**TASK PROMPT**
Using the data below, return the stretch from the line that contains "complex_of_real (expectation A)" through the line that contains "B = expectation", both included, exactly as it stands and nothing beyond it.

**DATA EXTRACTS**
──────────────────────────────
text \<open>Expand \<open>\<integral>(u a + u b)\<^sup>4 = \<bar>e\<^sub>a + e\<^sub>b\<bar>\<^sup>4 \<integral>(u 0)\<^sup>4\<close>; the odd mixed moments vanish by reflection.\<close>

lemma integral_coordinate_sq_sq:
  assumes ab: "a < p" "b < p" "a \<noteq> b"
  shows "(\<integral>u. (u a)^2 * (u b)^2 \<partial>\<mu>) = (\<integral>u. (u 0)^4 \<partial>\<mu>) / 3"
proof -
  let ?m4 = "\<integral>u. (u 0)^4 \<partial>\<mu>"
  define s where "s = (\<lambda>i. unit_vec a i + unit_vec b i)"
  have s: "inner_p p s v = v a + v b" for v
    unfolding s_def inner_p_add_left using ab by (simp add: inner_p_unit_vec)
  have "inner_p p s s = 2" using s[of s] ab by (simp add: s_def unit_vec_def)
  moreover have "(norm_p p s)^4 = ((norm_p p s)^2)^2" by (simp flip: power_mult)
  ultimately have "(norm_p p s)^4 = 4" by (simp add: norm_p_power2)
  then have "4 * ?m4 = (\<integral>u. (u a + u b)^4 \<partial>\<mu>)" using integral_inner_power[of s 4] by (simp add: s)
  also have "\<dots> = (\<integral>u. (u a)^4 \<partial>\<mu>) + 4 * (\<integral>u. (u a)^3 * u b \<partial>\<mu>) + 6 * (\<integral>u. (u a)^2 * (u b)^2 \<partial>\<mu>)
      + 4 * (\<integral>u. u a * (u b)^3 \<partial>\<mu>) + (\<integral>u. (u b)^4 \<partial>\<mu>)"
  proof -
    have "(x + y)^4 = x^4 + 4 * (x^3 * y) + 6 * (x^2 * y^2) + 4 * (x * y^3) + y^4" for x y :: real
      by (simp add: power_def eval_nat_numeral algebra_simps)
    then show ?thesis
      using ab integrable_coordinate_powers[of a a 4 0] integrable_coordinate_powers[of b b 4 0]
        integrable_coordinate_powers[of a b 3 1] integrable_coordinate_powers[of a b 2 2]
        integrable_coordinate_powers[of a b 1 3]
      by simp
  qed
  also have "\<dots> = 2 * ?m4 + 6 * (\<integral>u. (u a)^2 * (u b)^2 \<partial>\<mu>)"
    using integral_coordinate_power[OF ab(1), of 4] integral_coordinate_power[OF ab(2), of 4] ab
      integral_odd_eq_0[of b "\<lambda>u. (u a)^3 * u b"] integral_odd_eq_0[of a "\<lambda>u. u a * (u b)^3"]
    by (simp add: reflect_def)
  finally show ?thesis by simp
qed

lemma integral_coordinate_pow4: "(\<integral>u. (u 0)^4 \<partial>\<mu>) = 3 / (p * (p + 2))"
proof -
  let ?m4 = "\<integral>u. (u 0)^4 \<partial>\<mu>"
  have int: "integrable \<mu> (\<lambda>u. (u a)^2 * (u b)^2)" if "a < p" "b < p" for a b
    using integrable_coordinate_powers that by blast
  have row: "(\<Sum>b<p. \<integral>u. (u a)^2 * (u b)^2 \<partial>\<mu>) = ?m4 + (p - 1) * (?m4 / 3)" if a: "a < p" for a
  proof -
    have "(\<Sum>b<p. \<integral>u. (u a)^2 * (u b)^2 \<partial>\<mu>)
        = (\<integral>u. (u a)^4 \<partial>\<mu>) + (\<Sum>b\<in>{..<p} - {a}. \<integral>u. (u a)^2 * (u b)^2 \<partial>\<mu>)"
      using a by (subst sum.remove[of _ a]) (auto simp flip: power_add)
    also have "\<dots> = ?m4 + (\<Sum>b\<in>{..<p} - {a}. ?m4 / 3)"
      using a integral_coordinate_power[OF a, of 4]
      by (simp only:) (intro arg_cong[where f="(+) _"] sum.cong refl integral_coordinate_sq_sq, auto)
    finally show ?thesis using a by simp
  qed
  have "(inner_p p u u)^2 = (\<Sum>a<p. \<Sum>b<p. (u a)^2 * (u b)^2)" for u
    unfolding inner_p_def power2_eq_square[of "sum _ _"] sum_product by (simp add: power2_eq_square)
  then have "1 = (\<integral>u. (\<Sum>a<p. \<Sum>b<p. (u a)^2 * (u b)^2) \<partial>\<mu>)"
    using integral_inner_p_self_power[of 2] by simp
  also have "\<dots> = (\<Sum>a<p. \<Sum>b<p. \<integral>u. (u a)^2 * (u b)^2 \<partial>\<mu>)"
    using int by (subst Bochner_Integration.integral_sum)
      (auto intro!: Bochner_Integration.integral_sum Bochner_Integration.integrable_sum)
  also have "\<dots> = p * (p + 2) * ?m4 / 3" using p_pos by (simp add: row of_nat_diff field_simps add_pos_pos)
  finally have "1 = p * (p + 2) * ?m4 / 3" .
  moreover have "real p * (real p + 2) \<noteq> 0" using p_pos by simp
  ultimately show ?thesis by (simp add: field_simps)
qed

lemma integral_inner: "(\<integral>u. inner_p p s u \<partial>\<mu>) = 0"
proof -
  have "(\<integral>u. u 0 \<partial>\<mu>) = 0"
    by (rule integral_odd_eq_0[OF p_pos]) (use p_pos in \<open>measurable, simp add: reflect_def\<close>)
  then show ?thesis using integral_inner_power[of s 1] by simp
qed

lemma integral_inner_sq: "(\<integral>u. (inner_p p s u)^2 \<partial>\<mu>) = inner_p p s s / p"
  using integral_inner_power[of s 2] by (simp add: norm_p_power2 integral_coordinate_sq)

lemma integral_inner_cube: "(\<integral>u. (inner_p p s u)^3 \<partial>\<mu>) = 0"
proof -
  have "(\<integral>u. (u 0)^3 \<partial>\<mu>) = 0"
    by (rule integral_odd_eq_0[OF p_pos]) (use p_pos in \<open>measurable, simp add: reflect_def\<close>)
  then show ?thesis using integral_inner_power[of s 3] by simp
qed

lemma integral_inner_pow4_le: "(\<integral>u. (inner_p p s u)^4 \<partial>\<mu>) \<le> 3 * (inner_p p s s)^2 / p^2"
proof -
  have "(\<integral>u. (inner_p p s u)^4 \<partial>\<mu>) = (inner_p p s s)^2 * (3 / (p * (p + 2)))"
    using integral_inner_power[of s 4]
    by (simp add: integral_coordinate_pow4 flip: norm_p_power2 power_mult)
  also have "\<dots> \<le> (inner_p p s s)^2 * (3 / p^2)"
    using p_pos by (intro mult_left_mono) (auto simp: power2_eq_square frac_le)
  finally show ?thesis by (simp add: mult.commute)
qed

end

lemma (in prob_space) norm_expectation_iexp_taylor3_le:
  fixes X :: "'a \<Rightarrow> real"
  assumes X[measurable]: "X \<in> borel_measurable M" and int: "\<And>n. integrable M (\<lambda>x. (X x)^n)"
  shows "cmod ((CLINT x|M. iexp (X x))
      - (complex_of_real (1 - expectation (\<lambda>x. (X x)^2) / 2)
         + \<i> * complex_of_real (expectation X - expectation (\<lambda>x. (X x)^3) / 6)))
    \<le> expectation (\<lambda>x. (X x)^4) / 24"
proof -
  define A where "A x = 1 - (X x)^2/2" for x
  define B where "B x = X x - (X x)^3/6" for x
  define Q where "Q y = complex_of_real (1 - y^2/2) + \<i> * complex_of_real (y - y^3/6)" for y
  have QAB: "Q (X x) = complex_of_real (A x) + \<i> * complex_of_real (B x)" for x
    by (simp add: Q_def A_def B_def)
  have iA: "integrable M A" and iB: "integrable M B"
    unfolding A_def B_def using int[of 2] int[of 3] int[of 1] by auto
  then have iQ: "integrable M (\<lambda>x. Q (X x))"
    unfolding QAB by (intro Bochner_Integration.integrable_add integrable_mult_right integrable_of_real)
  have "(CLINT x|M. Q (X x)) = complex_of_real (expectation A) + \<i> * complex_of_real (expectation B)"
    unfolding QAB using iA iB
    by (subst Bochner_Integration.integral_add) (auto intro: integrable_mult_right integrable_of_real)
  also have "expectation A = 1 - expectation (\<lambda>x. (X x)^2) / 2"
    unfolding A_def using int[of 2] by (simp add: prob_space)
  also have "expectation B = expectation X - expectation (\<lambda>x. (X x)^3) / 6"
    unfolding B_def using int[of 1] int[of 3] by simp
  finally have IQ: "(CLINT x|M. Q (X x)) = complex_of_real (1 - expectation (\<lambda>x. (X x)^2) / 2)
      + \<i> * complex_of_real (expectation X - expectation (\<lambda>x. (X x)^3) / 6)" .
  have iE: "integrable M (\<lambda>x. iexp (X x))"
    by (rule integrable_const_bound[where B=1]) (auto simp: norm_exp_i_times)
  have "cmod ((CLINT x|M. iexp (X x)) - (CLINT x|M. Q (X x))) \<le> (\<integral>x. cmod (iexp (X x) - Q (X x)) \<partial>M)"
    using iE iQ by (simp flip: Bochner_Integration.integral_diff add: integral_norm_bound)
  also have "\<dots> \<le> (\<integral>x. (X x)^4 / 24 \<partial>M)"
  proof (rule integral_mono)
    fix x
    have "(\<Sum>k \<le> 3. (\<i> * complex_of_real (X x))^k / fact k) = Q (X x)"
      by (simp add: Q_def eval_nat_numeral atMost_Suc field_simps complex_eq_iff)
    with iexp_approx1[of "X x" 3] show "cmod (iexp (X x) - Q (X x)) \<le> (X x)^4 / 24"
      by (simp add: numeral_eq_Suc fact_numeral power_even_abs)
  qed (use iE iQ int[of 4] in auto)
  finally show ?thesis using int[of 4] by (simp add: IQ)
qed

context sphere_dim
begin

lemma norm_char_inner_approx:
  "cmod ((CLINT u|\<mu>. iexp (\<tau> * inner_p p s u)) - complex_of_real (1 - \<tau>^2 * inner_p p s s / (2 * p)))
     \<le> \<tau>^4 * (inner_p p s s)^2 / (8 * p^2)"
proof -
  have int: "integrable \<mu> (\<lambda>u. (\<tau> * inner_p p s u)^n)" for n
    unfolding power_mult_distrib by (intro integrable_mult_right integrable_inner_power)
  have "(\<lambda>u. \<tau> * inner_p p s u) \<in> borel_measurable \<mu>"
    by (simp add: measurable_cong_sets[OF sets_unif_sphere refl])
  from P.norm_expectation_iexp_taylor3_le[OF this int]
  have "cmod ((CLINT u|\<mu>. iexp (\<tau> * inner_p p s u)) - complex_of_real (1 - \<tau>^2 * inner_p p s s / (2 * p)))
      \<le> \<tau>^4 * (\<integral>u. (inner_p p s u)^4 \<partial>\<mu>) / 24"
    by (simp add: power_mult_distrib integral_inner integral_inner_sq integral_inner_cube mult.commute[of _ 2])
  also have "\<dots> \<le> \<tau>^4 * (3 * (inner_p p s s)^2 / p^2) / 24"
    by (intro divide_right_mono mult_left_mono integral_inner_pow4_le) auto
  finally show ?thesis by simp
qed

end

section \<open>Partial sums of independent uniform vectors\<close>

lemma norm_integral_le_integral:
  fixes f :: "'a \<Rightarrow> 'b::{banach, second_countable_topology}"
  assumes bound: "\<And>x. x \<in> space M \<Longrightarrow> norm (f x) \<le> g x" and g: "integrable M g"
  shows "norm (integral\<^sup>L M f) \<le> integral\<^sup>L M g"
proof (cases "integrable M f")
  case True
  have "norm (integral\<^sup>L M f) \<le> (\<integral>x. norm (f x) \<partial>M)" by (rule integral_norm_bound)
  also have "\<dots> \<le> integral\<^sup>L M g" using True g bound by (intro integral_mono) auto
  finally show ?thesis .
next
  case False
  then have "integral\<^sup>L M f = 0" by (rule not_integrable_integral_eq)
  moreover have "0 \<le> integral\<^sup>L M g"
    using bound by (intro integral_nonneg_AE AE_I2) (auto intro: order_trans[OF norm_ge_zero])
  ultimately show ?thesis by simp
qed

context sphere_dim
begin

definition samples :: "nat \<Rightarrow> (nat \<Rightarrow> nat \<Rightarrow> real) measure" where
  "samples k = PiM {1..k} (\<lambda>_. \<mu>)"

definition partial_sum :: "nat \<Rightarrow> (nat \<Rightarrow> nat \<Rightarrow> real) \<Rightarrow> nat \<Rightarrow> real" where
  "partial_sum k \<omega> = (\<lambda>c. \<Sum>i\<in>{1..k}. \<omega> i c)"

definition sq_partial_sum :: "nat \<Rightarrow> (nat \<Rightarrow> nat \<Rightarrow> real) \<Rightarrow> real" where
  "sq_partial_sum k \<omega> = inner_p p (partial_sum k \<omega>) (partial_sum k \<omega>)"

lemma prob_space_samples: "prob_space (samples k)"
  unfolding samples_def by (intro prob_space_PiM P.prob_space_axioms)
──────────────────────────────
**OUTPUT OF THE TASK**
  have "(CLINT x|M. Q (X x)) = complex_of_real (expectation A) + \<i> * complex_of_real (expectation B)"
    unfolding QAB using iA iB
    by (subst Bochner_Integration.integral_add) (auto intro: integrable_mult_right integrable_of_real)
  also have "expectation A = 1 - expectation (\<lambda>x. (X x)^2) / 2"
    unfolding A_def using int[of 2] by (simp add: prob_space)
  also have "expectation B = expectation X - expectation (\<lambda>x. (X x)^3) / 6"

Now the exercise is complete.